I dati emergono da un’indagine Ipsos, commissionata a marzo dal Consiglio Nazionale Forense, che ha coinvolto un campione di 5.500 avvocati, per analizzare l’orientamento della categoria su un tema di crescente rilevanza nel dibattito etico, giuridico e civile del Paese.
“La voce degli avvocati è chiara: serve una legge sul fine vita che tuteli la libertà e la dignità della persona, senza ambiguità né zone grigie. Ora che il Parlamento sta discutendo il testo, è il momento di decidere con coraggio e responsabilità”, afferma il presidente del Cnf, Francesco Greco.
Sei avvocati intervistati su dieci (62%) si dichiarano favorevoli al diritto di ogni individuo di scegliere le proprie cure di fine vita, inclusa l’eutanasia. Tra gli under 45, la percentuale sale oltre il 70%. Il consenso complessivo arriva all’82% se si includono coloro che sono favorevoli solo in casi molto specifici e controllati. Tra gli avvocati con più di 74 anni, questa posizione è condivisa dal 28%. Solo il 12% degli intervistati si oppone per motivi etici o religiosi, mentre il 5% è indeciso.

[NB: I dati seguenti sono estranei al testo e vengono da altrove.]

(* There is an absolute constant $k_0$ such that the following holds for all sufficiently large $n$ and $t$ with $n^{0.99}<t<n$. Let $\mathcal S$ be a $t$-intersecting family of partial permutations each of size at most $q$, where $t\le q\le n$, and let $\mathcal W_k$ ($1\le k\le q-t$) be obtained from $\mathcal S$ by peeling (for any choices of the simplifications). Then for every integer $k$ with $k_0<k\le q-t$, $$|\mathcal W_k|\le\left(200\max\left(k,\frac tk\right)\right)^k.$$
   Context: Each permutation $\sigma$ of $[n]$ is identified with the set $\{(i,\sigma(i)):i\in[n]\}\subseteq[n]^2$; a partial permutation is a subset of such a set. A family is $t$-intersecting if any two (not necessarily distinct) members $A,B$ have $|A\cap B|\ge t$. A simplification of a $t$-intersecting family is any family obtained by repeatedly applying, in any order, the following operations until neither applies: (i) delete a member that is contained in another, different member; (ii) replace a member $S$ by a proper subset $X\subsetneq S$ provided the resulting family is still $t$-intersecting. Peeling: $\mathcal T_{q-t}$ is a simplification of $\mathcal S$, and for $k=q-t,q-t-1,\dots,1$, $\mathcal W_k=\{T\in\mathcal T_k:|T|=t+k\}$ and $\mathcal T_{k-1}$ is a simplification of $\mathcal T_k\setminus\mathcal W_k$. *)

theory Defs
  imports Complex_Main "HOL-Combinatorics.Permutations"
begin

definition perm_graph :: "nat \<Rightarrow> (nat \<Rightarrow> nat) \<Rightarrow> (nat \<times> nat) set" where
  "perm_graph n \<sigma> = {(i, \<sigma> i) | i. i \<in> {1..n}}"

definition partial_perm :: "nat \<Rightarrow> (nat \<times> nat) set \<Rightarrow> bool" where
  "partial_perm n P \<longleftrightarrow> (\<exists>\<sigma>. \<sigma> permutes {1..n} \<and> P \<subseteq> perm_graph n \<sigma>)"

text \<open>t-intersecting family (any two, not necessarily distinct, members).\<close>
definition t_intersecting :: "nat \<Rightarrow> 'a set set \<Rightarrow> bool" where
  "t_intersecting t F \<longleftrightarrow> (\<forall>A\<in>F. \<forall>B\<in>F. t \<le> card (A \<inter> B))"

definition simp_step :: "nat \<Rightarrow> 'a set set \<Rightarrow> 'a set set \<Rightarrow> bool" where
  "simp_step t F G \<longleftrightarrow>
     (\<exists>A\<in>F. \<exists>B\<in>F. A \<noteq> B \<and> A \<subseteq> B \<and> G = F - {A}) \<or>
     (\<exists>S\<in>F. \<exists>X. X \<subset> S \<and> G = insert X (F - {S}) \<and> t_intersecting t G)"

definition simplification :: "nat \<Rightarrow> 'a set set \<Rightarrow> 'a set set \<Rightarrow> bool" where
  "simplification t F G \<longleftrightarrow> (simp_step t)\<^sup>*\<^sup>* F G \<and> (\<nexists>G'. simp_step t G G')"

definition peeling :: "nat \<Rightarrow> nat \<Rightarrow> 'a set set \<Rightarrow> (nat \<Rightarrow> 'a set set) \<Rightarrow> (nat \<Rightarrow> 'a set set) \<Rightarrow> bool" where
  "peeling t q S T W \<longleftrightarrow>
     simplification t S (T (q - t)) \<and>
     (\<forall>k. 1 \<le> k \<and> k \<le> q - t \<longrightarrow>
        W k = {A \<in> T k. card A = t + k} \<and> simplification t (T k - W k) (T (k - 1)))"

end

theory Submission
  imports Defs
begin

text \<open>
  Each family \<open>T k\<close> produced by peeling is \<open>t\<close>-intersecting, has members of size at most
  \<open>t + k\<close>, and admits no simplification step; hence it is \<open>t\<close>-critical: every proper subset
  of a member meets some member in fewer than \<open>t\<close> points.

  In such a family, at most \<open>(k + 1) ^ (t + k - |D|)\<close> members of size \<open>t + k\<close> contain a
  given set \<open>D\<close>: a member \<open>C\<close> with \<open>|C \<inter> D| < t\<close> forces each of them to contain
  \<open>D \<union> Y\<close> for one of at most \<open>(k + m choose m) \<le> (k + 1) ^ m\<close> sets \<open>Y \<subseteq> C - D\<close> of size
  \<open>m = t - |C \<inter> D|\<close>, and we recurse on \<open>D \<union> Y\<close>.

  For the whole top layer \<open>W k\<close>, fix a member \<open>A\<close> and, by criticality applied to \<open>A\<close> minus a
  point, a member \<open>C\<close> with \<open>|A \<inter> C| = t\<close>. Every \<open>B \<in> W k\<close> contains a \<open>t\<close>-subset \<open>T\<close>
  of \<open>A\<close>; grouping by \<open>j = |T - C|\<close> and branching once on \<open>C\<close> before recursing gives
  \<open>|W k| \<le> \<Sum>j. (k choose j) (t choose j) (k + j choose j) (k + 1) ^ (k - j)\<close>, which is at
  most \<open>(48 max k (t / k)) ^ k\<close> by \<open>(t choose j) \<le> (t / k) ^ j e ^ k\<close>.
\<close>

lemma power_div_fact_le_exp:
  fixes x :: real
  assumes "0 \<le> x"
  shows "x ^ n / fact n \<le> exp x"
proof -
  have "x ^ n / fact n \<le> (\<Sum>i\<le>n. x ^ i / fact i)"
    by (rule member_le_sum) (use assms in auto)
  also have "\<dots> \<le> exp x"
    using assms summable_exp_generic[of x]
    by (auto simp: exp_def divide_inverse ac_simps intro!: sum_le_suminf)
  finally show ?thesis .
qed

lemma binomial_le_power_mult_exp:
  fixes t k j :: nat and M :: real
  assumes "1 \<le> k" and "real t / real k \<le> M"
  shows "real (t choose j) \<le> M ^ j * exp (real k)"
proof -
  have "0 \<le> M"
    using assms(2) by (rule order_trans[rotated]) simp
  have "real (t choose j) * fact j \<le> real t ^ j"
    by (metis binomial_fact_pow of_nat_fact of_nat_le_iff of_nat_mult of_nat_power)
  then have "real (t choose j) \<le> real t ^ j / fact j"
    by (simp add: field_simps)
  also have "\<dots> = (real t / real k) ^ j * (real k ^ j / fact j)"
    using assms(1) by (simp add: field_simps power_divide)
  also have "\<dots> \<le> M ^ j * exp (real k)"
    using assms \<open>0 \<le> M\<close> by (intro mult_mono power_mono power_div_fact_le_exp) auto
  finally show ?thesis .
qed

lemma binomial_add_le_Suc_power: "(k + m choose m) \<le> (k + 1 :: nat) ^ m"
proof (induction m)
  case 0
  show ?case by simp
next
  case (Suc m)
  have "(k + Suc m choose Suc m) * Suc m = Suc (k + m) * (k + m choose m)"
    using Suc_times_binomial_eq[of "k + m" m] by simp
  also have "\<dots> \<le> ((k + 1) * Suc m) * (k + 1) ^ m"
    using Suc.IH by (intro mult_mono) auto
  also have "\<dots> = (k + 1) ^ Suc m * Suc m"
    by (simp add: algebra_simps)
  finally show ?case
    by (simp only: mult_le_cancel2)
qed

lemma top_layer_term_le:
  fixes k t j :: nat
  defines "M \<equiv> max (real k) (real t / real k)"
  assumes k: "1 \<le> k" and jk: "j \<le> k"
  shows "real ((k choose j) * (t choose j) * ((k + j choose j) * (k + 1) ^ (k - j)))
         \<le> real (k choose j) * (24 * M) ^ k"
proof -
  have Mk: "real k \<le> M" and Mt: "real t / real k \<le> M" and M0: "0 \<le> M"
    unfolding M_def by auto
  have t_choose: "real (t choose j) \<le> M ^ j * 3 ^ k"
  proof -
    have "real (t choose j) \<le> M ^ j * exp (real k)"
      using binomial_le_power_mult_exp[OF k Mt] .
    also have "exp (real k) = exp 1 ^ k"
      by (simp add: exp_of_nat_mult[symmetric])
    also have "\<dots> \<le> 3 ^ k"
      by (intro power_mono exp_le) auto
    finally show ?thesis
      using M0 by (simp add: mult_left_mono)
  qed
  have kj_choose: "real (k + j choose j) \<le> 4 ^ k"
  proof -
    have "k + j choose j \<le> 2 ^ (k + j)"
      by (rule binomial_le_pow2)
    also have "(2::nat) ^ (k + j) \<le> 4 ^ k"
      using jk power_increasing[of "k + j" "2 * k" "2::nat"] by (simp add: power_mult)
    finally show ?thesis
      by (metis of_nat_le_iff of_nat_numeral of_nat_power)
  qed
  have Suc_k_power: "real ((k + 1) ^ (k - j)) \<le> 2 ^ k * M ^ (k - j)"
  proof -
    have "real ((k + 1) ^ (k - j)) = (1 + real k) ^ (k - j)"
      by simp
    also have "\<dots> \<le> (2 * M) ^ (k - j)"
      using Mk k by (intro power_mono) auto
    also have "\<dots> \<le> 2 ^ k * M ^ (k - j)"
      using M0 by (simp add: power_mult_distrib mult_right_mono power_increasing)
    finally show ?thesis .
  qed
  have "real ((k choose j) * (t choose j) * ((k + j choose j) * (k + 1) ^ (k - j)))
      = real (k choose j) * (real (t choose j) * real (k + j choose j) * real ((k + 1) ^ (k - j)))"
    by simp
  also have "\<dots> \<le> real (k choose j) * ((M ^ j * 3 ^ k) * 4 ^ k * (2 ^ k * M ^ (k - j)))"
    using t_choose kj_choose Suc_k_power M0 by (intro mult_left_mono mult_mono) auto
  also have "(M ^ j * 3 ^ k) * 4 ^ k * (2 ^ k * M ^ (k - j)) = (M ^ j * M ^ (k - j)) * (3 * 4 * 2) ^ k"
    by (simp only: power_mult_distrib ac_simps)
  also have "\<dots> = (24 * M) ^ k"
    using jk by (simp add: power_add[symmetric] power_mult_distrib)
  finally show ?thesis .
qed

lemma top_layer_sum_le:
  fixes k t :: nat
  assumes k: "1 \<le> k"
  shows "real (\<Sum>j\<le>min k t. (k choose j) * (t choose j) * ((k + j choose j) * (k + 1) ^ (k - j)))
     \<le> (200 * max (real k) (real t / real k)) ^ k"
proof -
  define M where "M = max (real k) (real t / real k)"
  have M0: "0 \<le> M"
    unfolding M_def by auto
  have "real (\<Sum>j\<le>min k t. (k choose j) * (t choose j) * ((k + j choose j) * (k + 1) ^ (k - j)))
      \<le> (\<Sum>j\<le>min k t. real (k choose j) * (24 * M) ^ k)"
    unfolding of_nat_sum M_def using k by (intro sum_mono top_layer_term_le) auto
  also have "\<dots> \<le> (\<Sum>j\<le>k. real (k choose j) * (24 * M) ^ k)"
    using M0 by (intro sum_mono2) auto
  also have "\<dots> = 2 ^ k * (24 * M) ^ k"
    by (simp add: sum_distrib_right[symmetric] of_nat_sum[symmetric] choose_row_sum del: of_nat_sum)
  also have "\<dots> = (2 * (24 * M)) ^ k"
    by (rule power_mult_distrib[symmetric])
  also have "\<dots> \<le> (200 * M) ^ k"
    using M0 by (intro power_mono) auto
  finally show ?thesis
    unfolding M_def .
qed

definition t_critical :: "nat \<Rightarrow> 'a set set \<Rightarrow> bool" where
  "t_critical t F \<longleftrightarrow> (\<forall>B\<in>F. \<forall>D. D \<subset> B \<longrightarrow> (\<exists>C\<in>F. card (C \<inter> D) < t))"

lemma t_intersecting_insert:
  "t_intersecting t (insert D F) \<longleftrightarrow>
     t_intersecting t F \<and> t \<le> card D \<and> (\<forall>C\<in>F. t \<le> card (C \<inter> D))"
  unfolding t_intersecting_def by (auto simp: Int_commute)

lemma t_intersecting_subset: "t_intersecting t F \<Longrightarrow> G \<subseteq> F \<Longrightarrow> t_intersecting t G"
  unfolding t_intersecting_def by blast

lemma t_critical_if_no_simp_step:
  assumes tI: "t_intersecting t F" and terminal: "\<nexists>G. simp_step t F G"
  shows "t_critical t F"
  unfolding t_critical_def
proof (intro ballI allI impI)
  fix B D assume B: "B \<in> F" and DB: "D \<subset> B"
  show "\<exists>C\<in>F. card (C \<inter> D) < t"
  proof (rule ccontr)
    assume "\<not> ?thesis"
    then have meets: "\<forall>C\<in>F. t \<le> card (C \<inter> D)"
      by (simp add: not_less)
    then have "t \<le> card D"
      using B DB by (metis Int_absorb1 psubset_imp_subset)
    with meets have "t_intersecting t (insert D (F - {B}))"
      using tI by (simp add: t_intersecting_insert t_intersecting_subset)
    then have "simp_step t F (insert D (F - {B}))"
      unfolding simp_step_def using B DB by blast
    with terminal show False
      by blast
  qed
qed

lemma card_Int_le_add_Diff:
  assumes "finite C"
  shows "card (B \<inter> C) \<le> card (C \<inter> D) + card (B \<inter> (C - D))"
proof -
  have "card (B \<inter> C) \<le> card ((C \<inter> D) \<union> (B \<inter> (C - D)))"
    using assms by (intro card_mono) auto
  also have "\<dots> \<le> card (C \<inter> D) + card (B \<inter> (C - D))"
    by (rule card_Un_le)
  finally show ?thesis .
qed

Sul fronte del testamento biologico, sette intervistati su dieci, soprattutto nella fascia d’età 25-34 anni, lo considerano uno strumento fondamentale per esprimere le proprie volontà sui trattamenti medici in caso di incapacità. La percentuale sale a nove su dieci includendo anche chi si dichiara favorevole ma con alcune riserve. A livello personale, uno su due, specialmente tra i più giovani, è favorevole a soluzioni come il suicidio assistito o l’eutanasia attiva qualora un familiare soffra di una malattia incurabile. I contrari sono il 12%.
Sei avvocati su dieci riconoscono il proprio ruolo cruciale nel supportare i clienti in decisioni così delicate, garantendo piena consapevolezza delle implicazioni legali e la tutela dei diritti in ogni fase, con informazioni giuridiche complete e aggiornate nel rispetto delle volontà.
La complessità e delicatezza delle situazioni da gestire, anche in presenza di dissenso tra cliente e familiari, rappresenta la principale sfida secondo sette intervistati su dieci. Inoltre, per quattro su dieci, la normativa in continua evoluzione ne complica l’interpretazione e l’applicazione. Circa un terzo degli intervistati sottolinea che ciò ha ricadute sulla responsabilità professionale dell’avvocato, rendendo necessario un aggiornamento costante.
Guardando all’estero, il 31% degli avvocati indica come modelli più efficaci quelli di Paesi Bassi e Belgio, dove eutanasia attiva e suicidio assistito sono regolamentati per maggiorenni capaci di intendere e volere, affetti da malattie incurabili che causano sofferenze insopportabili.